The paper Analysis of the Linux Kernel Evolution Using Code Clone Coverage analysed 136 versions of Linux (from 1.0 to 2.6.18.3) and calculated the amount of source code that was shared, going forward, between each pair of these versions. When I saw the heatmap at the end of the paper (see below) I knew it had to appear in my book. The paper was published in 2007 and I knew from experience that the probability of seven year old data still being available was small, but looked so interesting I had to try. I emailed the authors (Simone Livieri, Yoshiki Higo, Makoto Matsushita and Katsuro Inoue) and received a reply from Makoto Matsushita saying that he had searched for the data and had been able to find the original images created for the paper, which he kindly sent me.
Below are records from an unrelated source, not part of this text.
(* Let $X^{(n)}=\{X_1,\dots,X_n\}\subset\mathbb{R}^d$ and $u^{(n)}=\{u_1,\dots,u_n\}\subset\mathbb{R}^d$, and let $\hat T$ be a solution of the discrete optimal transport problem from $u^{(n)}$ to $X^{(n)}$. Then for every $i$, $$\mathrm{BP}(\hat T(u_i))\in[\mathrm{TD}^-(u_i;u^{(n)}),\ \mathrm{TD}(u_i;u^{(n)})].$$
   Context: An empirical optimal transport map $\hat T_{Z^{(n)}}$ from $u^{(n)}$ to a set $Z^{(n)}$ of $n$ points is any bijection $T:u^{(n)}\to Z^{(n)}$ minimizing $\frac1n\sum_{i=1}^n\|T(u_i)-u_i\|^2$; $\hat T=\hat T_{X^{(n)}}$. $\mathcal{Q}_{\ell,n}$ is the set of all sets $Z^{(n)}$ of $n$ points of $\mathbb{R}^d$ sharing exactly $n-\ell$ elements with $X^{(n)}$, and $\mathrm{BP}(\hat T(u_i))=\frac1n\min\{\ell\in\{1,\dots,n\}:\sup_{Z^{(n)}\in\mathcal{Q}_{\ell,n}}\|\hat T(u_i)-\hat T_{Z^{(n)}}(u_i)\|=\infty\}$. Tukey depth: $\mathrm{TD}(u;u^{(n)})=\min_{v\in\mathcal{S}^{d-1}}\frac1n\sum_{j}\mathbf{1}(\langle v,u_j-u\rangle\geq0)$. Lower Tukey depth: $\mathrm{TD}^-(u;u^{(n)})=\frac{n+1}{n}-\max_{v\in\mathcal{S}^{d-1}}\frac1n\sum_j\mathbf{1}(\langle v,u_j-u\rangle\geq0)$. *)

theory Defs
  imports "HOL-Analysis.Analysis"
begin

definition ot_cost :: "'a::euclidean_space set \<Rightarrow> ('a \<Rightarrow> 'a) \<Rightarrow> real" where
  "ot_cost U T = (1 / real (card U)) * (\<Sum>u\<in>U. (norm (T u - u))\<^sup>2)"

definition is_ot_map :: "'a::euclidean_space set \<Rightarrow> 'a set \<Rightarrow> ('a \<Rightarrow> 'a) \<Rightarrow> bool" where
  "is_ot_map U Z T \<longleftrightarrow> bij_betw T U Z \<and>
     (\<forall>T'. bij_betw T' U Z \<longrightarrow> ot_cost U T \<le> ot_cost U T')"

definition Qset :: "nat \<Rightarrow> 'a set \<Rightarrow> 'a set set" where
  "Qset l X = {Z. finite Z \<and> card Z = card X \<and> card (Z \<inter> X) = card X - l}"

text \<open>The supremum is taken over all contaminated sets Z and all optimal maps for Z;
  "sup = infinity" means the set of distances is unbounded.\<close>
definition BP :: "'a::euclidean_space set \<Rightarrow> 'a set \<Rightarrow> ('a \<Rightarrow> 'a) \<Rightarrow> 'a \<Rightarrow> real" where
  "BP U X That u = (1 / real (card U)) *
     real (LEAST l. 1 \<le> l \<and> l \<le> card U \<and>
        \<not> (\<exists>B. \<forall>Z T. Z \<in> Qset l X \<and> is_ot_map U Z T \<longrightarrow> norm (That u - T u) \<le> B))"

definition tukey_depth :: "'a::euclidean_space \<Rightarrow> 'a set \<Rightarrow> real" where
  "tukey_depth u U = Min ((\<lambda>v. (1 / real (card U)) * real (card {w\<in>U. inner v (w - u) \<ge> 0}))
                          ` {v. norm v = 1})"

definition lower_tukey_depth :: "'a::euclidean_space \<Rightarrow> 'a set \<Rightarrow> real" where
  "lower_tukey_depth u U = (real (card U) + 1) / real (card U) -
     Max ((\<lambda>v. (1 / real (card U)) * real (card {w\<in>U. inner v (w - u) \<ge> 0})) ` {v. norm v = 1})"

end

theory Submission
  imports Defs
begin

text \<open>An optimal assignment T is monotone: swapping the targets of two points a, b cannot lower
  the cost, which gives \<open>\<langle>T a - T b, a - b\<rangle> \<ge> 0\<close>.
  Upper bound: if the closed halfspace \<open>{w. \<langle>v, w - u\<rangle> \<ge> 0}\<close> contains k sample points, replace
  k data points by points arbitrarily far out along v. By pigeonhole some sample point outside
  the halfspace is sent to one of them, and monotonicity against that point forces T u itself
  far out along v.
  Lower bound: if l plus the largest halfspace count is at most n, then the n - l sample points
  still sent to uncontaminated data surround u, i.e. every direction sees one of them at positive
  height; by compactness of the sphere this height is uniformly positive, and monotonicity
  against those points bounds T u.\<close>

definition halfspace_count :: "'a::euclidean_space \<Rightarrow> 'a set \<Rightarrow> 'a \<Rightarrow> nat" where
  "halfspace_count u U v = card {w\<in>U. inner v (w - u) \<ge> 0}"

definition contaminated_ot_values :: "'a::euclidean_space set \<Rightarrow> 'a set \<Rightarrow> nat \<Rightarrow> 'a \<Rightarrow> 'a set" where
  "contaminated_ot_values U X l u = {T u |Z T. Z \<in> Qset l X \<and> is_ot_map U Z T}"

lemma ot_map_exists:
  fixes U Z :: "'a::euclidean_space set"
  assumes "finite U" "finite Z" "card U = card Z"
  shows "\<exists>T. is_ot_map U Z T"
proof -
  define B where "B = {T \<in> U \<rightarrow>\<^sub>E Z. bij_betw T U Z}"
  have "finite B"
    using assms by (intro finite_subset[of B "U \<rightarrow>\<^sub>E Z"]) (auto simp: B_def finite_PiE)
  have restrict_in_B: "restrict T U \<in> B" if "bij_betw T U Z" for T
    using that unfolding B_def by (auto dest: bij_betwE)
  have cost_restrict: "ot_cost U (restrict T U) = ot_cost U T" for T
    unfolding ot_cost_def by (simp cong: sum.cong)
  obtain h where "bij_betw h U Z"
    using finite_same_card_bij assms by blast
  then have "B \<noteq> {}"
    using restrict_in_B by blast
  then have "Min (ot_cost U ` B) \<in> ot_cost U ` B"
    using \<open>finite B\<close> by (intro Min_in) auto
  then obtain T where T: "T \<in> B" "ot_cost U T = Min (ot_cost U ` B)"
    by auto
  have "ot_cost U T \<le> ot_cost U T'" if "bij_betw T' U Z" for T'
  proof -
    have "Min (ot_cost U ` B) \<le> ot_cost U (restrict T' U)"
      using \<open>finite B\<close> restrict_in_B[OF that] by simp
    then show ?thesis
      by (simp add: T(2) cost_restrict)
  qed
  moreover have "bij_betw T U Z"
    using T(1) unfolding B_def by blast
  ultimately show ?thesis
    unfolding is_ot_map_def by blast
qed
Shared code between Linux releases

I was confident that I could reverse engineer the original values from the png image and that is what I have just done (I have previously reverse engineered the points in a pdf plot by interpreting the pdf commands to figure out relative page locations).

The idea I had was to find the x/y coordinates of the edge of the staircase running from top left to bottom right. Those black lines appear to complicate things, but the RGB representation of black follows the same pattern as white, i.e., all three components are equal (0 for black and 1 for white). All I had to do was locate the first pixel containing an RGB value whose three components had at least one different value, which proved to be remarkably easy to do using R’s vector operations.

After reducing duplicate sequences to a single item I now had the x/y coordinates of the colored rectangle for each version pair; extracting an RGB value for each pair of Linux releases was one R statement. Now I needed to map RGB values to the zero to one scale denoting the amount of shared Linux source. The color scale under the heatmap contains the information needed and with some trial and error I isolated a vector of RGB pixels from this scale. Passing the offset of each RGB value on this scale to mapvalues (in the plyr package) converted the extracted RGB values.

The extracted array has 130 rows/columns, which means information on 5 versions has been lost (no history is given for the last version). At the moment I am not too bothered, most of the data has been extracted.

Here is the result of calling the R function readPNG (from the png package) to read the original file, mapping the created array of RGB values to amount of Linux source in each version pair and calling the function image to display this array (I have gone for maximum color impact; the code has no for loops):

Heatmap of extracted data

The original varied the width of the staircase, perhaps by some measure of the amount of source code. I have not done that.

Its suspicious that the letter A is not visible in some form. Its embedded in the original data and I would have expected a couple of hits on that black outline.

The above overview has not bored the reader with my stupidities that occurred along the way.

If you improve the code to handle other heatmap data extraction problems, please share the code.

  1. Meiling
    July 26, 2015 21:22 | #1

    Hi Derek, thank you for sharing your idea and code!
    I noticed that the heat plot has several red and orange mixed blocks on the diagonal which indicate the highly correlated subjects. I’m wondering how did you make this plot. Did you sort the data in advance such that it can put the related subjects together?

  2. July 27, 2015 13:09 | #2

    @Meiling
    The code that extracts the data and prints the image can be downloaded from a link in the article (I did no sorting).